→ **WHAT YOU SHOULD DO**
Please filter the entries and return only the lines that include "with".

*** AVAILABLE RECORDS ***

lemma weakly_n_absorbing_card_gt:
  fixes I :: "'a::comm_ring_1 set"
  assumes W: "weakly_n_absorbing n I" and K: "finite K" "n < card K"
    and x: "(\<Prod>i\<in>K. x i) \<noteq> 0" "(\<Prod>i\<in>K. x i) \<in> I"
  shows "\<exists>J \<subseteq> K. card J = n \<and> (\<Prod>i\<in>J. x i) \<in> I"
  using K x
proof (induction "card K" arbitrary: K x rule: less_induct)
  case less
  show ?case
  proof (cases "card K = Suc n")
    case True
    then show ?thesis using weakly_n_absorbing_card_Suc[OF W] less.prems by blast
  next
    case False
    with less.prems have gt: "Suc n < card K" by simp
    then obtain a where a: "a \<in> K" by fastforce
    with gt less.prems(1) have "card (K - {a}) > 0" by simp
    then obtain b where b: "b \<in> K" "b \<noteq> a" by (auto simp: card_gt_0_iff)
    define y where "y = x(a := x a * x b)"
    define K' where "K' = K - {b}"
    have K': "finite K'" "a \<in> K'" "b \<notin> K'" "insert b K' = K" "card K' = card K - 1"
      using less.prems(1) a b by (auto simp: K'_def)
    have "(\<Prod>i\<in>K'. y i) = (\<Prod>i\<in>K. x i)"
      using prod_merge_factor[OF K'(1-3)] K'(4) by (simp add: y_def)
    then have "(\<Prod>i\<in>K'. y i) \<noteq> 0" "(\<Prod>i\<in>K'. y i) \<in> I"
      using less.prems(3,4) by simp_all
    moreover have "card K' < card K" "n < card K'" using K'(5) gt by simp_all
    ultimately obtain J where J: "J \<subseteq> K'" "card J = n" "(\<Prod>i\<in>J. y i) \<in> I"
      using less.hyps K'(1) by blast
    have fin_J: "finite J" using J(1) K'(1) by (rule finite_subset)
    show ?thesis
    proof (cases "a \<in> J")
      case False
      then have "(\<Prod>i\<in>J. y i) = (\<Prod>i\<in>J. x i)" by (auto simp: y_def intro: prod.cong)
      then show ?thesis using J K'_def by auto
    next
      case True
      have bJ: "b \<notin> J" using J(1) K'(3) by blast
      have L: "insert b J \<subseteq> K" "card (insert b J) = Suc n"
        using J(1,2) K'(4) fin_J bJ by auto
      have "(\<Prod>i\<in>insert b J. x i) \<in> I"
        using prod_merge_factor[OF fin_J True bJ, of x] J(3) by (simp add: y_def)
      moreover have "(\<Prod>i\<in>insert b J. x i) \<noteq> 0"
        using prod_nonzero_subset[OF less.prems(1) L(1)] less.prems(3) .
      ultimately obtain J' where "J' \<subseteq> insert b J" "card J' = n" "(\<Prod>i\<in>J'. x i) \<in> I"
        using weakly_n_absorbing_card_Suc[OF W _ L(2)] fin_J by blast
      then show ?thesis using L(1) by blast
    qed
  qed
qed

lemma weakly_n_absorbing_iff_card_gt:
  fixes I :: "'a::comm_ring_1 set"
  assumes "proper_ideal I"
  shows "weakly_n_absorbing n I \<longleftrightarrow>
         (\<forall>m > n. \<forall>x :: nat \<Rightarrow> 'a. (\<Prod>i<m. x i) \<noteq> 0 \<and> (\<Prod>i<m. x i) \<in> I \<longrightarrow>
             (\<exists>J \<subseteq> {..<m}. card J = n \<and> (\<Prod>i\<in>J. x i) \<in> I))"
proof
  assume W: "weakly_n_absorbing n I"
  show "\<forall>m > n. \<forall>x :: nat \<Rightarrow> 'a. (\<Prod>i<m. x i) \<noteq> 0 \<and> (\<Prod>i<m. x i) \<in> I \<longrightarrow>
      (\<exists>J \<subseteq> {..<m}. card J = n \<and> (\<Prod>i\<in>J. x i) \<in> I)"
  proof (intro allI impI)
    fix m and x :: "nat \<Rightarrow> 'a"
    assume "n < m" "(\<Prod>i<m. x i) \<noteq> 0 \<and> (\<Prod>i<m. x i) \<in> I"
    then show "\<exists>J \<subseteq> {..<m}. card J = n \<and> (\<Prod>i\<in>J. x i) \<in> I"
      using weakly_n_absorbing_card_gt[OF W, of "{..<m}" x] by simp
  qed
next
  assume "\<forall>m > n. \<forall>x :: nat \<Rightarrow> 'a. (\<Prod>i<m. x i) \<noteq> 0 \<and> (\<Prod>i<m. x i) \<in> I \<longrightarrow>
      (\<exists>J \<subseteq> {..<m}. card J = n \<and> (\<Prod>i\<in>J. x i) \<in> I)"
  then show "weakly_n_absorbing n I"
    using assms unfolding weakly_n_absorbing_def by blast
qed

lemma weakly_n_absorbing_mono:
  fixes I :: "'a::comm_ring_1 set"
  assumes W: "weakly_n_absorbing n I" and "n \<le> m"
  shows "weakly_n_absorbing m I"
  unfolding weakly_n_absorbing_def
proof (intro conjI allI impI)
  show "proper_ideal I" using W by (rule weakly_n_absorbing_proper)
  then have "is_ideal I" by (simp add: proper_ideal_def)
  fix x :: "nat \<Rightarrow> 'a"
  assume "(\<Prod>i<Suc m. x i) \<noteq> 0 \<and> (\<Prod>i<Suc m. x i) \<in> I"
  then obtain J where J: "J \<subseteq> {..<Suc m}" "card J = n" "(\<Prod>i\<in>J. x i) \<in> I"
    using weakly_n_absorbing_card_gt[OF W, of "{..<Suc m}" x] \<open>n \<le> m\<close> by auto
  then obtain J' where J': "J \<subseteq> J'" "J' \<subseteq> {..<Suc m}" "card J' = m"
    using exists_subset_between[of J m "{..<Suc m}"] \<open>n \<le> m\<close> by auto
  then have "(\<Prod>i\<in>J'. x i) \<in> I"
    using prod_mem_ideal_superset[OF \<open>is_ideal I\<close> _ J'(1) J(3)] finite_subset by blast
  with J' show "\<exists>J\<subseteq>{..<Suc m}. card J = m \<and> (\<Prod>i\<in>J. x i) \<in> I" by blast
qed

lemma weakly_n_absorbing_INT:
  fixes I :: "nat \<Rightarrow> 'a::comm_ring_1 set"
  assumes "1 \<le> k" and W: "\<And>i. i < k \<Longrightarrow> weakly_n_absorbing (ns i) (I i)"
  shows "weakly_n_absorbing (\<Sum>i<k. ns i) (\<Inter>i<k. I i)"
proof -
  define n where "n = (\<Sum>i<k. ns i)"
  have ideals: "is_ideal (I i)" if "i < k" for i
    using weakly_n_absorbing_proper[OF W[OF that]] by (simp add: proper_ideal_def)
  have "is_ideal (\<Inter>i<k. I i)" by (rule is_ideal_INT) (simp add: ideals)
  moreover have "I 0 \<noteq> UNIV"
    using weakly_n_absorbing_proper[OF W[of 0]] \<open>1 \<le> k\<close> by (simp add: proper_ideal_def)
  moreover have "(\<Inter>i<k. I i) \<subseteq> I 0" using \<open>1 \<le> k\<close> by auto
  ultimately have proper: "proper_ideal (\<Inter>i<k. I i)" unfolding proper_ideal_def by blast
  have "\<exists>J\<subseteq>{..<Suc n}. card J = n \<and> (\<Prod>i\<in>J. x i) \<in> (\<Inter>i<k. I i)"
    if x: "(\<Prod>i<Suc n. x i) \<noteq> 0" "(\<Prod>i<Suc n. x i) \<in> (\<Inter>i<k. I i)" for x :: "nat \<Rightarrow> 'a"
  proof -
    have "\<exists>J\<subseteq>{..<Suc n}. card J = ns i \<and> (\<Prod>j\<in>J. x j) \<in> I i" if "i < k" for i
    proof -
      have "ns i \<le> n" unfolding n_def using that by (intro member_le_sum) auto
      then show ?thesis
        using weakly_n_absorbing_card_gt[OF W[OF that], of "{..<Suc n}" x] x that by simp
    qed
    then obtain Js where Js: "\<And>i. i < k \<Longrightarrow> Js i \<subseteq> {..<Suc n}"
      "\<And>i. i < k \<Longrightarrow> card (Js i) = ns i" "\<And>i. i < k \<Longrightarrow> (\<Prod>j\<in>Js i. x j) \<in> I i"
      by metis
    have "card (\<Union>i<k. Js i) \<le> (\<Sum>i<k. card (Js i))" by (rule card_UN_le) simp
    also have "\<dots> = n" unfolding n_def using Js(2) by (rule sum.cong[OF refl]) simp
    finally have "card (\<Union>i<k. Js i) \<le> n" .
    moreover have "(\<Union>i<k. Js i) \<subseteq> {..<Suc n}" using Js(1) by blast
    ultimately obtain J where J: "(\<Union>i<k. Js i) \<subseteq> J" "J \<subseteq> {..<Suc n}" "card J = n"
      using exists_subset_between[of "\<Union>i<k. Js i" n "{..<Suc n}"] by auto
    have "finite J" using J(2) by (rule finite_subset) simp
    have "(\<Prod>j\<in>J. x j) \<in> I i" if "i < k" for i
      using prod_mem_ideal_superset[OF ideals[OF that] \<open>finite J\<close> _ Js(3)[OF that]] J(1) that
      by blast
    with J(2,3) show ?thesis by blast
  qed
  with proper show ?thesis unfolding weakly_n_absorbing_def n_def[symmetric] by blast
qed

lemma weakly_prime_imp_weakly_1_absorbing:
  fixes P :: "'a::comm_ring_1 set"
  assumes "weakly_prime P"
  shows "weakly_n_absorbing 1 P"
  unfolding weakly_n_absorbing_def
proof (intro conjI allI impI)
  show "proper_ideal P" using assms weakly_prime_def by blast
  fix x :: "nat \<Rightarrow> 'a"
  assume "(\<Prod>i<Suc 1. x i) \<noteq> 0 \<and> (\<Prod>i<Suc 1. x i) \<in> P"
  then have "x 0 \<in> P \<or> x 1 \<in> P"
    using assms unfolding weakly_prime_def by (simp add: numeral_2_eq_2)
  then show "\<exists>J\<subseteq>{..<Suc 1}. card J = 1 \<and> (\<Prod>i\<in>J. x i) \<in> P"
  proof
    assume "x 0 \<in> P"
    then show ?thesis by (intro exI[of _ "{0}"]) auto
  next
    assume "x 1 \<in> P"
    then show ?thesis by (intro exI[of _ "{1}"]) auto
  qed
qed

lemma weakly_n_absorbing_INT_weakly_prime:
  fixes P :: "nat \<Rightarrow> 'a::comm_ring_1 set"
  assumes "0 < n" "\<And>i. i < n \<Longrightarrow> weakly_prime (P i)"
  shows "weakly_n_absorbing n (\<Inter>i<n. P i)"
proof -
  have "weakly_n_absorbing (\<Sum>i<n. 1) (\<Inter>i<n. P i)"
    using assms by (intro weakly_n_absorbing_INT weakly_prime_imp_weakly_1_absorbing) auto
  then show ?thesis by simp
qed

lemma is_ideal_ideal_gen: "is_ideal (ideal_gen S)"
  unfolding ideal_gen_def is_ideal_def by auto

lemma ideal_gen_superset: "S \<subseteq> ideal_gen S"
  unfolding ideal_gen_def by auto

lemma ideal_gen_least: "is_ideal J \<Longrightarrow> S \<subseteq> J \<Longrightarrow> ideal_gen S \<subseteq> J"
  unfolding ideal_gen_def by auto

lemma is_ideal_ideal_prod: "is_ideal (ideal_prod k P)"
  unfolding ideal_prod_def by (rule is_ideal_ideal_gen)

lemma ideal_prod_0: "ideal_prod 0 P = UNIV"
proof -
  have "1 \<in> ideal_prod 0 P"
    unfolding ideal_prod_def by (rule subsetD[OF ideal_gen_superset]) simp
  then have "r * 1 \<in> ideal_prod 0 P" for r
    using is_ideal_mult_left[OF is_ideal_ideal_prod] by blast
  then show ?thesis by auto
qed

lemma ideal_prod_Suc_mult:
  fixes P :: "nat \<Rightarrow> 'a::comm_ring_1 set"
  assumes "q \<in> ideal_prod k P" "y \<in> P k"
  shows "q * y \<in> ideal_prod (Suc k) P"
proof -
  define T where "T = {q. \<forall>y\<in>P k. q * y \<in> ideal_prod (Suc k) P}"
  have "is_ideal T"
    using is_ideal_ideal_prod[of "Suc k" P]
    unfolding T_def is_ideal_def by (auto simp: distrib_right mult.assoc)
  moreover have "(\<Prod>i<k. p i) \<in> T" if p: "\<forall>i<k. p i \<in> P i" for p
    unfolding T_def
  proof (intro CollectI ballI)
    fix y assume "y \<in> P k"
    then have "(\<Prod>i<Suc k. (p(k := y)) i) \<in> {\<Prod>i<Suc k. p i | p. \<forall>i<Suc k. p i \<in> P i}"
      using p by (auto simp: less_Suc_eq simp del: prod.lessThan_Suc)
    moreover have "(\<Prod>i<k. (p(k := y)) i) = (\<Prod>i<k. p i)"
      by (rule prod.cong) auto
    then have "(\<Prod>i<Suc k. (p(k := y)) i) = (\<Prod>i<k. p i) * y"
      by simp
    ultimately show "(\<Prod>i<k. p i) * y \<in> ideal_prod (Suc k) P"
      unfolding ideal_prod_def using ideal_gen_superset by fastforce
  qed
  ultimately have "ideal_prod k P \<subseteq> T"
    unfolding ideal_prod_def by (intro ideal_gen_least) blast+
  then show ?thesis using assms T_def by blast
qed

lemma ideal_prod_subset_factor:
  fixes P :: "nat \<Rightarrow> 'a::comm_ring_1 set"
  assumes "is_ideal (P i)" "i < k"
  shows "ideal_prod k P \<subseteq> P i"
  unfolding ideal_prod_def
proof (rule ideal_gen_least[OF assms(1)], safe)
  fix p assume "\<forall>j<k. p j \<in> P j"
  then show "(\<Prod>j<k. p j) \<in> P i"
    using prod_mem_ideal_superset[OF assms(1), of "{..<k}" "{i}" p] assms(2) by simp
qed

lemma ideal_prod_comaximal:
  fixes P :: "nat \<Rightarrow> 'a::comm_ring_1 set"
  assumes "is_ideal (P m)" "\<And>i. i < k \<Longrightarrow> ideal_sum (P i) (P m) = UNIV"
  shows "\<exists>q\<in>ideal_prod k P. \<exists>p\<in>P m. q + p = 1"
  using assms(2)
proof (induction k)
  case 0
  have "0 \<in> P m" using assms(1) by (simp add: is_ideal_def)
  then show ?case by (auto simp: ideal_prod_0 intro!: bexI[of _ 0])
next
  case (Suc k)
  then obtain q p where qp: "q \<in> ideal_prod k P" "p \<in> P m" "q + p = 1" by auto
  have "1 \<in> ideal_sum (P k) (P m)" using Suc.prems by simp
  then obtain a b where ab: "a \<in> P k" "b \<in> P m" "a + b = 1" unfolding ideal_sum_def by force
  have "1 = (q + p) * (a + b)" using qp(3) ab(3) by simp
  then have "q * a + (q * b + (a * p + b * p)) = 1" by (simp add: algebra_simps)
  moreover have "q * b + (a * p + b * p) \<in> P m"
    using assms(1) ab(2) qp(2) by (intro is_ideal_add is_ideal_mult_left)
  ultimately show ?case using ideal_prod_Suc_mult[OF qp(1) ab(1)] by blast
qed

lemma ideal_prod_eq_INT_comaximal:
  fixes P :: "nat \<Rightarrow> 'a::comm_ring_1 set"
  assumes ideals: "\<And>i. i < n \<Longrightarrow> is_ideal (P i)"
    and comax: "\<And>i j. i < n \<Longrightarrow> j < n \<Longrightarrow> i \<noteq> j \<Longrightarrow> ideal_sum (P i) (P j) = UNIV"
    and "k \<le> n"
  shows "ideal_prod k P = (\<Inter>i<k. P i)"
  using \<open>k \<le> n\<close>
proof (induction k)
  case 0
  then show ?case by (simp add: ideal_prod_0)
next
  case (Suc k)
  show ?case
  proof
    show "ideal_prod (Suc k) P \<subseteq> (\<Inter>i<Suc k. P i)"
    proof (rule INT_greatest)
      fix i assume "i \<in> {..<Suc k}"
      with ideals Suc.prems show "ideal_prod (Suc k) P \<subseteq> P i"
        by (intro ideal_prod_subset_factor) auto
    qed
    show "(\<Inter>i<Suc k. P i) \<subseteq> ideal_prod (Suc k) P"
    proof
      fix x assume x: "x \<in> (\<Inter>i<Suc k. P i)"
      then have x_prod: "x \<in> ideal_prod k P" using Suc by simp
      have "is_ideal (P k)" "\<And>i. i < k \<Longrightarrow> ideal_sum (P i) (P k) = UNIV"
        using ideals comax Suc.prems by simp_all
      then obtain q p where qp: "q \<in> ideal_prod k P" "p \<in> P k" "q + p = 1"
        using ideal_prod_comaximal by blast
      have "x = x * (q + p)" using qp(3) by simp
      then have "x = q * x + x * p" by (simp add: algebra_simps)
      moreover have "q * x + x * p \<in> ideal_prod (Suc k) P"
        using ideal_prod_Suc_mult[OF qp(1)] ideal_prod_Suc_mult[OF x_prod qp(2)] x
        by (intro is_ideal_add[OF is_ideal_ideal_prod]) simp_all
      ultimately show "x \<in> ideal_prod (Suc k) P" by simp
    qed
  qed
qed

***

→ **COMPLETED EXERCISE**
    with less.prems have gt: "Suc n < card K" by simp
    with gt less.prems(1) have "card (K - {a}) > 0" by simp
  with J' show "\<exists>J\<subseteq>{..<Suc m}. card J = m \<and> (\<Prod>i\<in>J. x i) \<in> I" by blast
    with J(2,3) show ?thesis by blast
  with proper show ?thesis unfolding weakly_n_absorbing_def n_def[symmetric] by blast
      with ideals Suc.prems show "ideal_prod (Suc k) P \<subseteq> P i"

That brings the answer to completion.